The growth of the enterprise instant messaging market in South Africa is being driven by the increasing adoption of unified messaging (including e-mail, instant messaging, fax and voice mail) and unified communications (unified messaging, and conferencing and collaborative applications).
However, technology vendors are facing the challenge of low awareness of the soft return on instant messaging applications, limited interoperability of different vendor products as well as limited affordability of small- and medium-sized enterprises (SMEs) in the market. Vendors have developed strategies to offer mobile applications, cloud-based instant messaging and industry-specific solutions to SMEs, which are expected to be the driver of future market growth.
New analysis from Frost & Sullivan finds that the market earned revenues of $1.7 million in 2010 and estimates this to reach $10.3 million in 2017.

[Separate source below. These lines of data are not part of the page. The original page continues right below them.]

(* Let $F$ be an indexed group with degree map $\deg: F\to\mathbb{Z}$, let $\varphi: F\to G$ be a homomorphism to a group $G$, let $f_1\in F$ have degree one, and let $g\in G$. Then: 1) there exists a homomorphism $\psi: F\to G$ with $\psi(f)=\varphi(f)$ for all $f$ of degree zero and $\psi(f_1)=\varphi(f_1)g$ if and only if $g$ lies in the centraliser $C(\varphi(\ker\deg))$; and such $\psi$, when it exists, is unique; 2) if $H$ is a subgroup of $G$ and $g\in H_\varphi$, then (the homomorphism $\psi$ from 1) exists and) $\psi(f)H=\varphi(f)H$ for all $f\in F$.
   Context: An indexed group is a group $F$ equipped with a surjective homomorphism $\deg: F\to\mathbb{Z}$. For $x,y$ in a group, $x^y=y^{-1}xy$ and $H^y=y^{-1}Hy$; $C(X)$ is the centraliser of $X$. For a subgroup $H\le G$, the $\varphi$-core of $H$ is $H_\varphi=\bigcap_{f\in F}H^{\varphi(f)}\cap C(\{\varphi(f)\mid\deg f=0\})$. *)

theory Defs
  imports "HOL-Algebra.Algebra"
begin

definition centraliser :: "('a, 'b) monoid_scheme \<Rightarrow> 'a set \<Rightarrow> 'a set" where
  "centraliser G S = {c \<in> carrier G. \<forall>x\<in>S. monoid.mult G c x = monoid.mult G x c}"

definition conj_subgroup :: "('a, 'b) monoid_scheme \<Rightarrow> 'a set \<Rightarrow> 'a \<Rightarrow> 'a set" where
  "conj_subgroup G H y = {monoid.mult G (monoid.mult G (m_inv G y) h) y | h. h \<in> H}"

definition indexed_group :: "('c, 'd) monoid_scheme \<Rightarrow> ('c \<Rightarrow> int) \<Rightarrow> bool" where
  "indexed_group F dg \<longleftrightarrow> group F \<and> dg \<in> hom F integer_group \<and> dg ` carrier F = UNIV"

definition phi_core ::
  "('c, 'd) monoid_scheme \<Rightarrow> ('c \<Rightarrow> int) \<Rightarrow> ('a, 'b) monoid_scheme \<Rightarrow> ('c \<Rightarrow> 'a) \<Rightarrow> 'a set \<Rightarrow> 'a set" where
  "phi_core F dg G \<phi> H =
     (\<Inter>f\<in>carrier F. conj_subgroup G H (\<phi> f))
     \<inter> centraliser G {\<phi> f | f. f \<in> carrier F \<and> dg f = 0}"

end

theory Submission
  imports Defs
begin

(*
  Every f in F is k f1^n with n = deg f and k of degree zero, so the kernel K of deg and f1
  generate F; this gives uniqueness. The prescribed psi must be psi (k f1^n) = phi k a^n with
  a = phi f1 g, and this is a homomorphism iff conjugation by a^n agrees with conjugation by
  (phi f1)^n on phi K, which for n = 1 says exactly that g centralises phi K.
  For the cosets, f |-> (phi f)^-1 psi f is a crossed homomorphism; hence the f it sends into
  the phi F-invariant core of H form a subgroup, which contains K and, when g is in H_phi, f1.
*)

lemma (in group) inv_mult_cancel_left [simp]:
  "x \<in> carrier G \<Longrightarrow> y \<in> carrier G \<Longrightarrow> inv x \<otimes> (x \<otimes> y) = y"
  by (simp add: m_assoc [symmetric])

lemma (in group) mult_inv_cancel_left [simp]:
  "x \<in> carrier G \<Longrightarrow> y \<in> carrier G \<Longrightarrow> x \<otimes> (inv x \<otimes> y) = y"
  by (simp add: m_assoc [symmetric])

lemma (in group) conj_mult_eq_conj_iff_commute:
  assumes b: "b \<in> carrier G" and g: "g \<in> carrier G" and x: "x \<in> carrier G"
  shows "(b \<otimes> g) \<otimes> x \<otimes> inv (b \<otimes> g) = b \<otimes> x \<otimes> inv b \<longleftrightarrow> g \<otimes> x = x \<otimes> g"
proof -
  have "(b \<otimes> g) \<otimes> x \<otimes> inv (b \<otimes> g) = b \<otimes> (g \<otimes> x \<otimes> inv g) \<otimes> inv b"
    using b g x by (simp add: m_assoc inv_mult_group)
  then have "(b \<otimes> g) \<otimes> x \<otimes> inv (b \<otimes> g) = b \<otimes> x \<otimes> inv b \<longleftrightarrow> g \<otimes> x \<otimes> inv g = x"
    using b g x by simp
  also have "\<dots> \<longleftrightarrow> g \<otimes> x = x \<otimes> g"
    using g x by (metis inv_solve_right m_closed)
  finally show ?thesis .
qed

lemma (in group) conj_nat_pow_eq:
  assumes S: "S \<subseteq> carrier G" and c: "c \<in> carrier G" and d: "d \<in> carrier G"
    and agree: "\<And>x. x \<in> S \<Longrightarrow> c \<otimes> x \<otimes> inv c = d \<otimes> x \<otimes> inv d"
    and stable: "\<And>x. x \<in> S \<Longrightarrow> d \<otimes> x \<otimes> inv d \<in> S"
    and x: "x \<in> S"
  shows "c [^] (n::nat) \<otimes> x \<otimes> inv (c [^] n) = d [^] n \<otimes> x \<otimes> inv (d [^] n)"
  using x
proof (induction n arbitrary: x)
  case 0
  then show ?case using S by auto
next
  case (Suc n)
  have xc: "x \<in> carrier G" using Suc.prems S by auto
  have "c [^] Suc n \<otimes> x \<otimes> inv (c [^] Suc n) = c [^] n \<otimes> (c \<otimes> x \<otimes> inv c) \<otimes> inv (c [^] n)"
    using c xc by (simp add: m_assoc inv_mult_group)
  also have "\<dots> = c [^] n \<otimes> (d \<otimes> x \<otimes> inv d) \<otimes> inv (c [^] n)"
    using agree Suc.prems by simp
  also have "\<dots> = d [^] n \<otimes> (d \<otimes> x \<otimes> inv d) \<otimes> inv (d [^] n)"
    using Suc.IH stable Suc.prems by blast
  also have "\<dots> = d [^] Suc n \<otimes> x \<otimes> inv (d [^] Suc n)"
    using d xc by (simp add: m_assoc inv_mult_group)
  finally show ?case .
qed

lemma (in group) conj_int_pow_eq:
  assumes S: "S \<subseteq> carrier G" and c: "c \<in> carrier G" and d: "d \<in> carrier G"
    and agree: "\<And>x. x \<in> S \<Longrightarrow> c \<otimes> x \<otimes> inv c = d \<otimes> x \<otimes> inv d"
    and stable: "\<And>x. x \<in> S \<Longrightarrow> d \<otimes> x \<otimes> inv d \<in> S"
    and stable_inv: "\<And>x. x \<in> S \<Longrightarrow> inv d \<otimes> x \<otimes> d \<in> S"
    and x: "x \<in> S"
  shows "c [^] (n::int) \<otimes> x \<otimes> inv (c [^] n) = d [^] n \<otimes> x \<otimes> inv (d [^] n)"
proof (cases "n \<ge> 0")
  case True
  then show ?thesis
    using conj_nat_pow_eq[OF S c d agree stable x, of "nat n"] by (simp add: pow_nat)
next
  case False
  have agree_inv: "inv c \<otimes> y \<otimes> inv (inv c) = inv d \<otimes> y \<otimes> inv (inv d)" if y: "y \<in> S" for y
  proof -
    define z where "z = inv d \<otimes> y \<otimes> d"
    have z: "z \<in> S" "z \<in> carrier G" using stable_inv y S unfolding z_def by auto
    have yc: "y \<in> carrier G" using y S by auto
    have "y = d \<otimes> z \<otimes> inv d" using d yc unfolding z_def by (simp add: m_assoc)
    also have "\<dots> = c \<otimes> z \<otimes> inv c" using agree[OF z(1)] by (rule sym)
    finally have "inv c \<otimes> y \<otimes> c = z" using c z(2) by (simp add: m_assoc)
    then show ?thesis using c d unfolding z_def by (simp only: inv_inv)
  qed
  have "\<And>y. y \<in> S \<Longrightarrow> inv d \<otimes> y \<otimes> inv (inv d) \<in> S" using stable_inv d by simp
  moreover obtain m :: nat where "n = - int m" using False by (intro that[of "nat (- n)"]) simp
  ultimately show ?thesis
    using conj_nat_pow_eq[OF S inv_closed[OF c] inv_closed[OF d] agree_inv _ x, of m] c d
    by (simp add: int_pow_neg_int nat_pow_inv)
qed

lemma (in group) mem_conj_subgroup_iff:
  assumes H: "H \<subseteq> carrier G" and y: "y \<in> carrier G"
  shows "x \<in> conj_subgroup G H y \<longleftrightarrow> x \<in> carrier G \<and> y \<otimes> x \<otimes> inv y \<in> H"
proof
  assume "x \<in> conj_subgroup G H y"
  then obtain h where h: "h \<in> H" "x = inv y \<otimes> h \<otimes> y" unfolding conj_subgroup_def by blast
  then show "x \<in> carrier G \<and> y \<otimes> x \<otimes> inv y \<in> H" using H y by (auto simp: m_assoc)
next
  assume x: "x \<in> carrier G \<and> y \<otimes> x \<otimes> inv y \<in> H"
  then have "x = inv y \<otimes> (y \<otimes> x \<otimes> inv y) \<otimes> y" using y by (simp add: m_assoc)
  with x show "x \<in> conj_subgroup G H y" unfolding conj_subgroup_def by blast
qed

lemma (in group) subgroup_conj_subgroup:
  assumes H: "subgroup H G" and y: "y \<in> carrier G"
  shows "subgroup (conj_subgroup G H y) G"
proof -
  note mem = mem_conj_subgroup_iff[OF subgroup.subset[OF H] y]
  show ?thesis
  proof (rule subgroupI)
    show "conj_subgroup G H y \<subseteq> carrier G" using mem by blast
    have "\<one> \<in> conj_subgroup G H y" using mem y subgroup.one_closed[OF H] by simp
    then show "conj_subgroup G H y \<noteq> {}" by blast
  next
    fix x assume "x \<in> conj_subgroup G H y"
    then have "x \<in> carrier G" "inv (y \<otimes> x \<otimes> inv y) \<in> H"
      using mem subgroup.m_inv_closed[OF H] by auto
    then show "inv x \<in> conj_subgroup G H y"
      using mem y by (simp add: inv_mult_group m_assoc)
  next
    fix x z assume "x \<in> conj_subgroup G H y" "z \<in> conj_subgroup G H y"
    then have "x \<in> carrier G" "z \<in> carrier G" "(y \<otimes> x \<otimes> inv y) \<otimes> (y \<otimes> z \<otimes> inv y) \<in> H"
      using mem subgroup.m_closed[OF H] by auto
    then show "x \<otimes> z \<in> conj_subgroup G H y"
      using mem y by (simp add: m_assoc)
  qed
qed

lemma (in group_hom) subgroup_agree_modulo:
  assumes h': "h' \<in> hom G H" and N: "subgroup N H"
    and normalised: "\<And>y n. y \<in> carrier G \<Longrightarrow> n \<in> N \<Longrightarrow> h y \<otimes>\<^bsub>H\<^esub> n \<otimes>\<^bsub>H\<^esub> inv\<^bsub>H\<^esub> (h y) \<in> N"
  shows "subgroup {x \<in> carrier G. inv\<^bsub>H\<^esub> (h x) \<otimes>\<^bsub>H\<^esub> h' x \<in> N} G"
proof -
  interpret h': group_hom G H h' using h' by (simp add: group_hom_def group_hom_axioms_def)
  show ?thesis
  proof (rule G.subgroupI)
    show "{x \<in> carrier G. inv\<^bsub>H\<^esub> (h x) \<otimes>\<^bsub>H\<^esub> h' x \<in> N} \<noteq> {}"
      using subgroup.one_closed[OF N] by auto
  next
    fix x assume "x \<in> {x \<in> carrier G. inv\<^bsub>H\<^esub> (h x) \<otimes>\<^bsub>H\<^esub> h' x \<in> N}"
    then have x: "x \<in> carrier G" and n: "inv\<^bsub>H\<^esub> (h x) \<otimes>\<^bsub>H\<^esub> h' x \<in> N" by auto
    have "h x \<otimes>\<^bsub>H\<^esub> inv\<^bsub>H\<^esub> (inv\<^bsub>H\<^esub> (h x) \<otimes>\<^bsub>H\<^esub> h' x) \<otimes>\<^bsub>H\<^esub> inv\<^bsub>H\<^esub> (h x) \<in> N"
      using normalised[OF x subgroup.m_inv_closed[OF N n]] .
    then show "inv x \<in> {x \<in> carrier G. inv\<^bsub>H\<^esub> (h x) \<otimes>\<^bsub>H\<^esub> h' x \<in> N}"
      using x by (simp add: H.inv_mult_group H.m_assoc)
  next
    fix x z
    assume "x \<in> {x \<in> carrier G. inv\<^bsub>H\<^esub> (h x) \<otimes>\<^bsub>H\<^esub> h' x \<in> N}"
      and "z \<in> {x \<in> carrier G. inv\<^bsub>H\<^esub> (h x) \<otimes>\<^bsub>H\<^esub> h' x \<in> N}"
    then have x: "x \<in> carrier G" "inv\<^bsub>H\<^esub> (h x) \<otimes>\<^bsub>H\<^esub> h' x \<in> N"
      and z: "z \<in> carrier G" "inv\<^bsub>H\<^esub> (h z) \<otimes>\<^bsub>H\<^esub> h' z \<in> N" by auto
    have "h (inv z) \<otimes>\<^bsub>H\<^esub> (inv\<^bsub>H\<^esub> (h x) \<otimes>\<^bsub>H\<^esub> h' x) \<otimes>\<^bsub>H\<^esub> inv\<^bsub>H\<^esub> (h (inv z))
          \<otimes>\<^bsub>H\<^esub> (inv\<^bsub>H\<^esub> (h z) \<otimes>\<^bsub>H\<^esub> h' z) \<in> N"
      using subgroup.m_closed[OF N normalised[OF G.inv_closed[OF z(1)] x(2)] z(2)] .
    then show "x \<otimes> z \<in> {x \<in> carrier G. inv\<^bsub>H\<^esub> (h x) \<otimes>\<^bsub>H\<^esub> h' x \<in> N}"
      using x z by (simp add: H.inv_mult_group H.m_assoc)
  qed auto
qed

“With booming mobile applications, instant messaging installed on advanced mobile handsets such as Blackberry, iPhone and Tablet is allowing their use as enabling devices for corporate employees to keep in constant communication, whether they are on the move or in the office building,” notes Frost & Sullivan’s ICT Industry Analyst Jiaqi Sun. “The increased mobility of instant messaging is driving market growth.”
Cloud-based instant messaging services offer SMEs a cost-effective option to use instant messaging applications. Here, the option of monthly rentals rather than the need to purchase the software has supported a lower total cost of ownership. The reduced IT spending is in line with enterprises’ strategic shift from capital expenditure (CAPEX) reduction to operational expenditure (OPEX) reduction.
“The lack of awareness about product benefits threatens to dampen market potential,” says Sun. “Besides budget constraints, decision-makers of SMEs are not yet convinced by the soft return on investments in instant messaging, such as the improvement of productivity and operating efficiency.”
The limited interoperability of different vendor products also poses a challenge.
In comparison to numerous free public applications available in the market with a large customer base, enterprise instant messaging has a very limited interoperability among vendor products and with public instant messaging applications. Hence, it cannot support enterprise communications with external stakeholders; this restrains the service uptake of enterprise instant messaging.
“Data security concerns of cloud-based offerings represent another area of concern,” cautions Sun. “Concerns over data loss and other security issues will potentially limit the uptake of cloud-based enterprise instant messaging services in strictly regulated financial services and health care industries where data protection forms the central nerve of their IT systems.”
With the majority of SMEs using free public applications, instant messaging gateway applications that offer enhanced security of public instant messaging applications and improved interoperability with other publicly available applications need to be offered.
“Mobileinstant messaging applications on corporate sponsored mobile handsets are expected to drive demand for enterprise instant messaging applications from SMEs as they improve the mobility of the messaging applications,” concludes Sun.